(* Let $\alpha_{\mathrm{fail}},\alpha_{\mathrm{succ}},\alpha_{\mathrm{ch}}>0$ be arbitrary and $\mathrm{3RR}=\textsc{RoundRobin}(\mathrm{ALG}_{\mathrm{fail}},\mathrm{ALG}_{\mathrm{succ}},\mathrm{ALG}_{\mathrm{ch}};\alpha_{\mathrm{fail}},\alpha_{\mathrm{succ}},\alpha_{\mathrm{ch}})$, run on an SSC instance $I$. Then for every realization $x$ and every $h\in\{\mathrm{fail},\mathrm{succ},\mathrm{ch}\}$, $$\frac1{\alpha_h}\sum_{\tau=1}^{\tau_1}\mathrm{cost}^{\mathrm{3RR}}_\tau(\mathrm{ALG}_h,I)\le\frac1{\alpha_{\mathrm{ch}}}\,\mathrm{cost}(\mathrm{OPT},I).$$
   Context: An instance $I$ of Stochastic Score Classification (SSC) consists of tests $N=\{1,\dots,n\}$, costs $c_j\ge 0$, success probabilities $p_j\in(0,1)$, and integers $0=t_1<t_2<\dots<t_B<t_{B+1}=n+1$. The outcome vector $x\in\{0,1\}^N$ has independent coordinates with $\Pr[x_j=1]=p_j$ (test $j$ succeeds iff $x_j=1$, otherwise it fails). The score $f(x)$ is the unique $i\in\{1,\dots,B\}$ with $t_i\le\|x\|_1\le t_{i+1}-1$. A (possibly adaptive) strategy conducts tests one at a time, each at most once, the choice of the next test possibly depending on outcomes observed so far, and stops as soon as $f(x)$ is determined (i.e., all $x'\in\{0,1\}^N$ agreeing with $x$ on the conducted tests have $f(x')=f(x)$). $\mathrm{cost}(S,I)$ is the random total cost of the tests conducted by strategy $S$ on $I$. $\mathrm{OPT}$ is a fixed strategy minimizing $\mathbb{E}[\mathrm{cost}(S,I)]$ over all adaptive strategies $S$. Let $\sigma_{\mathrm{fail}},\sigma_{\mathrm{succ}},\sigma_{\mathrm{ch}}$ be permutations of $N$ (ties broken arbitrarily) such that $c_{\sigma_{\mathrm{fail}}(1)}/(1-p_{\sigma_{\mathrm{fail}}(1)})\le\dots\le c_{\sigma_{\mathrm{fail}}(n)}/(1-p_{\sigma_{\mathrm{fail}}(n)})$, $c_{\sigma_{\mathrm{succ}}(1)}/p_{\sigma_{\mathrm{succ}}(1)}\le\dots\le c_{\sigma_{\mathrm{succ}}(n)}/p_{\sigma_{\mathrm{succ}}(n)}$, and $c_{\sigma_{\mathrm{ch}}(1)}\le\dots\le c_{\sigma_{\mathrm{ch}}(n)}$. $\mathrm{ALG}_{\mathrm{fail}},\mathrm{ALG}_{\mathrm{succ}},\mathrm{ALG}_{\mathrm{ch}}$ denote the orders of tests given by $\sigma_{\mathrm{fail}},\sigma_{\mathrm{succ}},\sigma_{\mathrm{ch}}$ respectively. $\textsc{RoundRobin}(\mathrm{ALG}_1,\dots,\mathrm{ALG}_k;\alpha_1,\dots,\alpha_k)$, for fixed orders $\mathrm{ALG}_h$ of $N$ and weights $\alpha_h>0$: initialize $C_h=0$ for all $h$; while $f(x)$ is not determined, for each $h$ let $\delta_h$ be the cost of the first test in the order $\mathrm{ALG}_h$ that has not yet been conducted by the scheme, choose $h^\star\in\arg\min_h (C_h+\delta_h)/\alpha_h$ (ties arbitrary), conduct that test of $\mathrm{ALG}_{h^\star}$, and set $C_{h^\star}\leftarrow C_{h^\star}+\delta_{h^\star}$. Each loop iteration is a step; for a round-robin algorithm $\mathrm{RR}$ and step $\tau$ (before termination), $\mathrm{cost}^{\mathrm{RR}}_\tau(\mathrm{ALG}_h,I)$ equals the cost of the test conducted in step $\tau$ if $h=h^\star$ in that step, and $0$ otherwise. For a realization $x$ with $i=f(x)$, $\tau_1$ is the smallest integer $\tau\ge 0$ such that among the tests conducted by $\mathrm{3RR}$ in steps $1,\dots,\tau$ at least $t_i$ succeeded or at least $n+1-t_{i+1}$ failed. *)

theory Defs
  imports Complex_Main
begin

(* Tests are indexed by {0..<n} (the paper's N = {1..n}, shifted by one).
   A realization is x :: nat => bool (test j succeeds iff x j); only its values on
   {0..<n} matter. Thresholds t 1, ..., t (B+1) are given by t :: nat => nat. *)

definition num_succ :: "nat \<Rightarrow> (nat \<Rightarrow> bool) \<Rightarrow> nat" where
  "num_succ n x = card {j\<in>{0..<n}. x j}"

definition score :: "nat \<Rightarrow> (nat \<Rightarrow> nat) \<Rightarrow> nat \<Rightarrow> (nat \<Rightarrow> bool) \<Rightarrow> nat" where
  "score n t B x = (THE i. 1 \<le> i \<and> i \<le> B \<and> t i \<le> num_succ n x \<and> num_succ n x \<le> t (Suc i) - 1)"

definition determined :: "nat \<Rightarrow> (nat \<Rightarrow> nat) \<Rightarrow> nat \<Rightarrow> nat set \<Rightarrow> (nat \<Rightarrow> bool) \<Rightarrow> bool" where
  "determined n t B D x = (\<forall>x'. (\<forall>j\<in>D. x' j = x j) \<longrightarrow> score n t B x' = score n t B x)"

datatype strategy = Stop | Test nat strategy strategy

fun run :: "strategy \<Rightarrow> (nat \<Rightarrow> bool) \<Rightarrow> nat list" where
  "run Stop x = []"
| "run (Test j s0 s1) x = j # run (if x j then s1 else s0) x"

definition valid_strategy :: "nat \<Rightarrow> (nat \<Rightarrow> nat) \<Rightarrow> nat \<Rightarrow> strategy \<Rightarrow> bool" where
  "valid_strategy n t B S =
    (\<forall>x. distinct (run S x) \<and> set (run S x) \<subseteq> {0..<n}
         \<and> determined n t B (set (run S x)) x
         \<and> (\<forall>k<length (run S x). \<not> determined n t B (set (take k (run S x))) x))"

definition strat_cost :: "(nat \<Rightarrow> real) \<Rightarrow> strategy \<Rightarrow> (nat \<Rightarrow> bool) \<Rightarrow> real" where
  "strat_cost c S x = sum_list (map c (run S x))"

definition real_prob :: "nat \<Rightarrow> (nat \<Rightarrow> real) \<Rightarrow> nat set \<Rightarrow> real" where
  "real_prob n p A = (\<Prod>j\<in>A. p j) * (\<Prod>j\<in>{0..<n} - A. 1 - p j)"

definition exp_cost :: "nat \<Rightarrow> (nat \<Rightarrow> real) \<Rightarrow> (nat \<Rightarrow> real) \<Rightarrow> strategy \<Rightarrow> real" where
  "exp_cost n c p S = (\<Sum>A\<in>Pow {0..<n}. real_prob n p A * strat_cost c S (\<lambda>j. j \<in> A))"

definition is_OPT :: "nat \<Rightarrow> (nat \<Rightarrow> real) \<Rightarrow> (nat \<Rightarrow> real) \<Rightarrow> (nat \<Rightarrow> nat) \<Rightarrow> nat \<Rightarrow> strategy \<Rightarrow> bool" where
  "is_OPT n c p t B S = (valid_strategy n t B S \<and>
     (\<forall>S'. valid_strategy n t B S' \<longrightarrow> exp_cost n c p S \<le> exp_cost n c p S'))"

definition is_test_order :: "nat \<Rightarrow> (nat \<Rightarrow> real) \<Rightarrow> nat list \<Rightarrow> bool" where
  "is_test_order n key L = (distinct L \<and> set L = {0..<n} \<and> sorted (map key L))"

(* Round robin. ords = list of orders ALG_h, alphas = list of weights alpha_h.
   A run is described by the list hs of chosen indices h* in steps 1,2,...;
   the state (D, C) consists of the list of tests conducted so far and the counters C_h. *)
definition next_test :: "nat list \<Rightarrow> nat list \<Rightarrow> nat" where
  "next_test L D = hd (filter (\<lambda>j. j \<notin> set D) L)"

definition delta :: "nat list list \<Rightarrow> (nat \<Rightarrow> real) \<Rightarrow> nat list \<Rightarrow> nat \<Rightarrow> real" where
  "delta ords c D h = c (next_test (ords ! h) D)"

definition rr_step :: "nat list list \<Rightarrow> (nat \<Rightarrow> real) \<Rightarrow> nat list \<times> (nat \<Rightarrow> real) \<Rightarrow> nat \<Rightarrow> nat list \<times> (nat \<Rightarrow> real)" where
  "rr_step ords c st h =
     (let j = next_test (ords ! h) (fst st)
      in (fst st @ [j], (snd st)(h := snd st h + c j)))"

definition rr_state :: "nat list list \<Rightarrow> (nat \<Rightarrow> real) \<Rightarrow> nat list \<Rightarrow> nat list \<times> (nat \<Rightarrow> real)" where
  "rr_state ords c hs = foldl (rr_step ords c) ([], (\<lambda>_. 0)) hs"

definition valid_rr_run :: "nat \<Rightarrow> (nat \<Rightarrow> nat) \<Rightarrow> nat \<Rightarrow> (nat \<Rightarrow> real) \<Rightarrow> nat list list \<Rightarrow> real list
     \<Rightarrow> (nat \<Rightarrow> bool) \<Rightarrow> nat list \<Rightarrow> bool" where
  "valid_rr_run n t B c ords alphas x hs =
     ((\<forall>\<tau><length hs.
         \<not> determined n t B (set (fst (rr_state ords c (take \<tau> hs)))) x
       \<and> hs ! \<tau> < length ords
       \<and> (\<forall>h'<length ords.
            (snd (rr_state ords c (take \<tau> hs)) (hs ! \<tau>) + delta ords c (fst (rr_state ords c (take \<tau> hs))) (hs ! \<tau>)) / (alphas ! (hs ! \<tau>))
            \<le> (snd (rr_state ords c (take \<tau> hs)) h' + delta ords c (fst (rr_state ords c (take \<tau> hs))) h') / (alphas ! h')))
      \<and> determined n t B (set (fst (rr_state ords c hs))) x)"

(* cost^RR_tau(ALG_h, I), for step tau >= 1 *)
definition rr_step_cost :: "nat list list \<Rightarrow> (nat \<Rightarrow> real) \<Rightarrow> nat list \<Rightarrow> nat \<Rightarrow> nat \<Rightarrow> real" where
  "rr_step_cost ords c hs h \<tau> =
     (if hs ! (\<tau> - 1) = h then c (fst (rr_state ords c hs) ! (\<tau> - 1)) else 0)"

definition tau1 :: "nat \<Rightarrow> (nat \<Rightarrow> nat) \<Rightarrow> nat \<Rightarrow> (nat \<Rightarrow> bool) \<Rightarrow> nat list \<Rightarrow> nat" where
  "tau1 n t B x D =
     (LEAST \<tau>. t (score n t B x) \<le> card {j \<in> set (take \<tau> D). x j}
             \<or> n + 1 - t (Suc (score n t B x)) \<le> card {j \<in> set (take \<tau> D). \<not> x j})"

end

theory Submission
  imports Defs
begin

text \<open>Let \<open>R\<close> be the set of tests OPT conducts on \<open>x\<close>. Since \<open>R\<close> determines the score \<open>i\<close>, it
  contains at least \<open>t\<^sub>i\<close> successes and \<open>n + 1 - t\<^sub>i\<^sub>+\<^sub>1\<close> failures, while before step
  \<open>\<tau>\<^sub>1\<close> the round robin has seen fewer of each; hence it has conducted fewer than \<open>|R|\<close> tests.
  The tests charged to the cheapest-first order, together with its next test, are then at most
  \<open>|R|\<close> tests, none dearer than any cheapest untested one, so an exchange argument bounds their
  cost by \<open>c(R)\<close>. Finally, whenever the round robin serves order \<open>h\<close>, its choice rule bounds the new
  value of \<open>C\<^sub>h / \<alpha>\<^sub>h\<close> by this quantity divided by \<open>\<alpha>\<^sub>c\<^sub>h\<close>.\<close>

lemma thresholds_less:
  fixes t :: "nat \<Rightarrow> nat"
  assumes t_incr: "\<forall>i\<in>{1..B}. t i < t (Suc i)" and "1 \<le> i" "i < i'" "i' \<le> B + 1"
  shows "t i < t i'"
proof -
  have "Suc i \<le> i'" using assms(3) by simp
  then show ?thesis using assms(4)
  proof (induction i' rule: dec_induct)
    case base
    then show ?case using t_incr assms(2) by simp
  next
    case (step k)
    then have "t k < t (Suc k)" using t_incr assms(2) by simp
    with step show ?case by simp
  qed
qed

lemma thresholds_le:
  fixes t :: "nat \<Rightarrow> nat"
  assumes "\<forall>i\<in>{1..B}. t i < t (Suc i)" and "1 \<le> i" "i \<le> i'" "i' \<le> B + 1"
  shows "t i \<le> t i'"
  using thresholds_less[OF assms(1,2), of i'] assms(3,4) by (cases "i = i'") auto

lemma num_succ_le: "num_succ n x \<le> n"
  unfolding num_succ_def by (rule le_trans[OF card_mono[of "{0..<n}"]]) auto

════════════════

■ Work to be completed ■
In the entries above, find each line with "length" and copy it.

■ Result of this task ■
         \<and> (\<forall>k<length (run S x). \<not> determined n t B (set (take k (run S x))) x))"
     ((\<forall>\<tau><length hs.
       \<and> hs ! \<tau> < length ords
       \<and> (\<forall>h'<length ords.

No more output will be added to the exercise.